Everything starts with dreams. It doesn’t matter what company you are working for right now – a big one, a small one, a new one, or an old one, your own or somebody else’s – at some point, it was just somebody’s dream that was converted into a reality. Most companies continue to identify their dreams to keep all the stakeholders on the same page. It’s called "their vision".
Possibilities, or better put, opportunities, are a company’s biggest assets. Opportunities are what you need when facing life-threatening challenges, or when looking to grow a company beyond normal organic growth.
When things are going well and the order books are full, the tendency is to keep focusing on what’s working well. But when the order book starts to shrink, and the future starts to look a little dimmer, that’s when the company needs to draw from a healthy inventory of possibilities. Possibilities are created by applying imagination to the vision.
Converting a possibility into a probability takes determination and tenacity. Some might think that planning is the next big step but, actually, it’s determination. Nearly every new idea is met with resistance, skepticism, doubt and sometimes even opposition. All the planning in the world can’t plan away those things.
When it’s a new idea that no one else has thought of before, one common reaction is that if it was such a good idea, somebody would have already done it. Another reaction is that it can’t be done for the simple reason that nobody has found a way to do it. Some form of proof or base level of performance is needed, and that will take a determined effort. Think of it this way: if it was obvious and easy, others would already be doing it. Because they are not, though, indicates that it was neither obvious, nor easy. Thomas Edison reportedly failed a thousand times before finally perfecting the light bulb. Determination is the main ingredient required to convert the possibility into a probability.
Planning is also important. Planning provides a roadmap that keeps you from covering the same ground again and again, or from failing to stay the course. It provides an order and method by which to effectively apply your efforts. It is also the discipline that keeps you from blindly spending all of your resources, or from failing to convert your achievements into positive commercial gains. Because imagination and determination by themselves know no boundaries, good planning is needed to make sure you don’t go broke pursuing a dream you don’t achieve, or to make sure you profit properly from it if you do.
Of the four ingredients listed, though, imagination and determination are the two most critical for companies today. The dreams are already captured by the company’s vision, and effective planning skills can be taught, learned, hired or acquired. But imagination and determination are the unquantifiable intangibles needed for success. They can’t be measured, inventoried, mandated, bought or sold. For imagination to be effective, it almost always requires determination. Imagination without determination seldom yields any positive results. Neither does sheer determination without any real imagination.

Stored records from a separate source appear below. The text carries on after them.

(* Let L be a standardized Laplacian of order n, q = 1/n and P = L + J.  The
   entries of P are nonnegative with row sums 1, and every diagonal entry of P
   is at least q.  Hence P = q I + R with R entrywise nonnegative and all row
   sums of R equal to 1 - q: P is a "lazy" stochastic matrix.

   1. Binomial smoothing.  Expanding P^k = sum_j C(k,j) q^(k-j) R^j, the
      increment P^(k+1) - P^k is bounded entrywise by the mean absolute
      deviation of a binomial distribution divided by (k+1) q, which is
      O(1/sqrt k) by the variance formula.  So the increments tend to 0.
   2. Convergence criterion.  If the powers of a matrix are bounded and their
      increments tend to 0, every limit point E of the powers satisfies
      P E = E = E P; two limit points E, E' then satisfy E = E E' = E', so the
      bounded sequence of powers has a unique limit point and converges.
   3. Since L J = 0, one has L^(k+1) = P^(k+1) - J P^k, so the powers of L
      converge as well. *)

lemma matrix_mult_entry: "(A ** B) $ i $ j = (\<Sum>k\<in>UNIV. A $ i $ k * B $ k $ j)"
  by (simp add: matrix_matrix_mult_def)

lemma matrix_diff_ldistrib:
  fixes A B C :: "real^'n^'n"
  shows "A ** (B - C) = A ** B - A ** C"
  by (simp add: vec_eq_iff matrix_mult_entry algebra_simps sum_subtractf)

lemma matrix_add_rdistrib:
  fixes A B C :: "real^'n^'n"
  shows "(A + B) ** C = A ** C + B ** C"
  by (simp add: vec_eq_iff matrix_mult_entry algebra_simps sum.distrib)

lemma matrix_mult_sum_scaleR:
  fixes A :: "real^'n^'n"
  shows "A ** (\<Sum>j\<in>S. c j *\<^sub>R B j) = (\<Sum>j\<in>S. c j *\<^sub>R (A ** B j))"
  by (simp add: vec_eq_iff matrix_mult_entry sum_distrib_left sum_component mult_ac
      sum.swap[of _ UNIV S])

lemma matpow_commute: "matpow A k ** A = A ** matpow A k"
  by (induction k) (simp_all add: matrix_mul_assoc[symmetric])

lemma tendsto_matrix_mult_left:
  fixes X :: "'b \<Rightarrow> real^'n^'n"
  assumes "(X \<longlongrightarrow> E) F"
  shows "((\<lambda>i. A ** X i) \<longlongrightarrow> A ** E) F"
  unfolding matrix_matrix_mult_def by (intro tendsto_intros assms)

lemma tendsto_matrix_mult_right:
  fixes X :: "'b \<Rightarrow> real^'n^'n"
  assumes "(X \<longlongrightarrow> E) F"
  shows "((\<lambda>i. X i ** A) \<longlongrightarrow> E ** A) F"
  unfolding matrix_matrix_mult_def by (intro tendsto_intros assms)

lemma norm_matrix_le_sum_abs:
  fixes M :: "real^'n^'n"
  shows "norm M \<le> (\<Sum>i\<in>UNIV. \<Sum>j\<in>UNIV. \<bar>M$i$j\<bar>)"
proof -
  have "norm M \<le> (\<Sum>i\<in>UNIV. norm (M$i))"
    unfolding norm_vec_def by (rule L2_set_le_sum) simp
  also have "\<dots> \<le> (\<Sum>i\<in>UNIV. \<Sum>j\<in>UNIV. \<bar>M$i$j\<bar>)"
    by (intro sum_mono norm_le_l1_cart)
  finally show ?thesis .
qed

section \<open>Nonnegative matrices with constant row sums\<close>

definition nonneg_rowsum :: "real^'n^'n \<Rightarrow> real \<Rightarrow> bool" where
  "nonneg_rowsum A a \<longleftrightarrow> (\<forall>i j. 0 \<le> A$i$j) \<and> (\<forall>i. (\<Sum>j\<in>UNIV. A$i$j) = a)"

lemma nonneg_rowsum_mult:
  assumes A: "nonneg_rowsum A a" and B: "nonneg_rowsum B b"
  shows "nonneg_rowsum (A ** B) (a * b)"
  unfolding nonneg_rowsum_def
proof (intro conjI allI)
  fix i j
  show "0 \<le> (A ** B)$i$j"
    using A B by (auto simp: nonneg_rowsum_def matrix_mult_entry intro!: sum_nonneg)
next
  fix i
  have "(\<Sum>j\<in>UNIV. (A ** B)$i$j) = (\<Sum>j\<in>UNIV. \<Sum>k\<in>UNIV. A$i$k * B$k$j)"
    by (simp add: matrix_mult_entry)
  also have "\<dots> = (\<Sum>k\<in>UNIV. \<Sum>j\<in>UNIV. A$i$k * B$k$j)"
    by (rule sum.swap)
  also have "\<dots> = (\<Sum>k\<in>UNIV. A$i$k * b)"
    using B by (simp add: nonneg_rowsum_def sum_distrib_left[symmetric])
  also have "\<dots> = a * b"
    using A by (simp add: nonneg_rowsum_def sum_distrib_right[symmetric])
  finally show "(\<Sum>j\<in>UNIV. (A ** B)$i$j) = a * b" .
qed

lemma nonneg_rowsum_matpow:
  assumes "nonneg_rowsum A a"
  shows "nonneg_rowsum (matpow A k) (a ^ k)"
proof (induction k)
  case 0
  have "(\<Sum>j\<in>UNIV. (mat 1 :: real^'n^'n)$i$j) = 1" for i
    by (simp add: mat_def)
  then show ?case by (simp add: nonneg_rowsum_def mat_def)
next
  case (Suc k)
  show ?case using nonneg_rowsum_mult[OF assms Suc] by simp
qed

lemma nonneg_rowsum_entry_le:
  assumes "nonneg_rowsum A a"
  shows "A$i$j \<le> a"
proof -
  have "A$i$j \<le> (\<Sum>j\<in>UNIV. A$i$j)"
    using assms by (intro member_le_sum) (auto simp: nonneg_rowsum_def)
  thus ?thesis using assms by (simp add: nonneg_rowsum_def)
qed
(*
  Since f is bounded in either case and the norms of the restrictions S(j)|Y are summable,
  the series u(v) = \<Sum>j. S(j) f(v - j) converges absolutely and u is bounded; in case (ii)
  u is dominated by the convolution of two summable sequences, hence summable (Young).
  Applying B term by term, the hypothesis on B S(j) splits B u(v) into the series
  \<Sum>j. k(j) C f(v - j) and \<Sum>n. (A *0 S)(n) f(v - n). Both converge, so closedness of B
  gives u(v) \<in> D(B). The second series is the sum of the absolutely summable double family
  A(j) S(i) f(v - j - i) along the anti-diagonals j + i = n; summing the same family along
  its rows instead yields \<Sum>j. A(j) u(v - j).
*)

lemma closed_operator_sums:
  assumes B: "closed_operator D B" and x_D: "\<And>n. x n \<in> D"
    and x_sums: "x sums a" and Bx_sums: "(\<lambda>n. B (x n)) sums b"
  shows "a \<in> D" and "B a = b"
proof -
  have D0: "0 \<in> D" and D_add: "\<And>p q. p \<in> D \<Longrightarrow> q \<in> D \<Longrightarrow> p + q \<in> D \<and> B (p + q) = B p + B q"
    and graph_closed: "closed ((\<lambda>x. (x, B x)) ` D)"
    using B unfolding closed_operator_def by auto
  have "B 0 = 0"
    using D_add[OF D0 D0] by (metis add_0 add_cancel_right_right)
  have partial_sums: "sum x {..<n} \<in> D \<and> B (sum x {..<n}) = (\<Sum>j<n. B (x j))" for n
  proof (induction n)
    case 0
    show ?case using D0 \<open>B 0 = 0\<close> by simp
  next
    case (Suc n)
    then show ?case using D_add[of "sum x {..<n}" "x n"] x_D by simp
  qed
  have lim: "(\<lambda>n. (sum x {..<n}, B (sum x {..<n}))) \<longlonglongrightarrow> (a, b)"
    using x_sums Bx_sums partial_sums unfolding sums_def by (simp add: tendsto_Pair)
  have graph: "(sum x {..<n}, B (sum x {..<n})) \<in> (\<lambda>x. (x, B x)) ` D" for n
    using partial_sums by (auto intro!: image_eqI[where x="sum x {..<n}"])
  have "(a, b) \<in> (\<lambda>x. (x, B x)) ` D"
    using closed_sequentially[OF graph_closed _ lim] graph by blast
  then show "a \<in> D" and "B a = b" by auto
qed

lemma summable_on_comp_inj:
  fixes f :: "'a \<Rightarrow> 'b::banach"
  assumes "f summable_on UNIV" and "inj g"
  shows "(\<lambda>x. f (g x)) summable_on UNIV"
  using summable_on_reindex[OF \<open>inj g\<close>, of f] summable_on_subset_banach[OF assms(1)]
  by (simp add: o_def)

lemma summable_on_product_nonneg:
  fixes a :: "'i \<Rightarrow> real" and b :: "'j \<Rightarrow> real"
  assumes "a summable_on I" "b summable_on K" "\<And>i. i \<in> I \<Longrightarrow> 0 \<le> a i" "\<And>j. j \<in> K \<Longrightarrow> 0 \<le> b j"
  shows "(\<lambda>(i, j). a i * b j) summable_on I \<times> K"
proof (rule summable_on_SigmaI)
  show "((\<lambda>j. case (i, j) of (i, j) \<Rightarrow> a i * b j) has_sum a i * infsum b K) K" for i
    using has_sum_cmult_right[OF has_sum_infsum[OF assms(2)]] by simp
  show "(\<lambda>i. a i * infsum b K) summable_on I"
    using summable_on_cmult_left[OF assms(1)] .
qed (use assms in auto)
(* Let $g\in\mathscr{B}$ and, for $\lambda\in\mathbb{D}\setminus\{0\}$ and $\gamma>0$, let $f_{\gamma,\lambda}(z)=\dfrac{z}{(1-\bar\lambda z)^\gamma}$, $z\in\mathbb{D}$. Then: (a) For every $k\in\mathbb{N}$ and $t\in[0,1]$, \[ |T_g^kf_{\gamma,\lambda}(t\lambda)|\le\frac{\|g\|_{\mathscr{B}}^k}{|\lambda|^k\gamma^k(1-t|\lambda|^2)^\gamma}. \] (b) If $a_0,\dots,a_n\in\mathbb{C}$ and $\gamma|\lambda|>\|g\|_{\mathscr{B}}$, then \[ \Bigl|\sum_{k=0}^na_kT_g^kf_{\gamma,\lambda}(\lambda)\Bigr|\le|a_0|\frac{|\lambda|}{(1-|\lambda|^2)^\gamma}+\Bigl(\sum_{k=1}^n|a_k|\Bigr)\frac{\|g\|_{\mathscr{B}}}{|\lambda|\gamma(1-|\lambda|^2)^\gamma}. \]
   Context: $\mathbb{D}$ is the unit disc. $\mathscr{B}$ is the Bloch space of analytic $g$ on $\mathbb{D}$ with $\|g\|_{\mathscr{B}}=\sup_{z\in\mathbb{D}}(1-|z|^2)|g'(z)|<\infty$. $T_gf(z)=\int_0^zf(\zeta)g'(\zeta)\,d\zeta$, $T_g^0$ is the identity. The power $(1-\bar\lambda z)^\gamma$ is defined with the principal branch of the logarithm. *)

theory Defs
  imports "HOL-Complex_Analysis.Complex_Analysis"
begin

definition bloch :: "(complex \<Rightarrow> complex) \<Rightarrow> bool" where
  "bloch g \<longleftrightarrow> g holomorphic_on ball 0 1 \<and>
     bdd_above ((\<lambda>z. (1 - (cmod z)^2) * cmod (deriv g z)) ` ball 0 1)"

In today’s industrial and manufacturing world, most of the emphasis is on refining and improving the processes, protecting profitability (and even viability) in challenging times. It is a bottom line focus and considers the "realities" of the business – input costs, labour costs, competitive situations, and customer expectations. Growing the business however is a top line focus and considers the possibilities of the business – and possibilities are the result of imagination and dreams.
Many dreams do become realities, more often than we realize. The proof of this is all around us. All companies that were ever started, including the one you are working for, started simply as somebody’s dream. With imagination, dreams become possibilities. With determination, possibilities become probabilities. And with good planning, probabilities can become realities.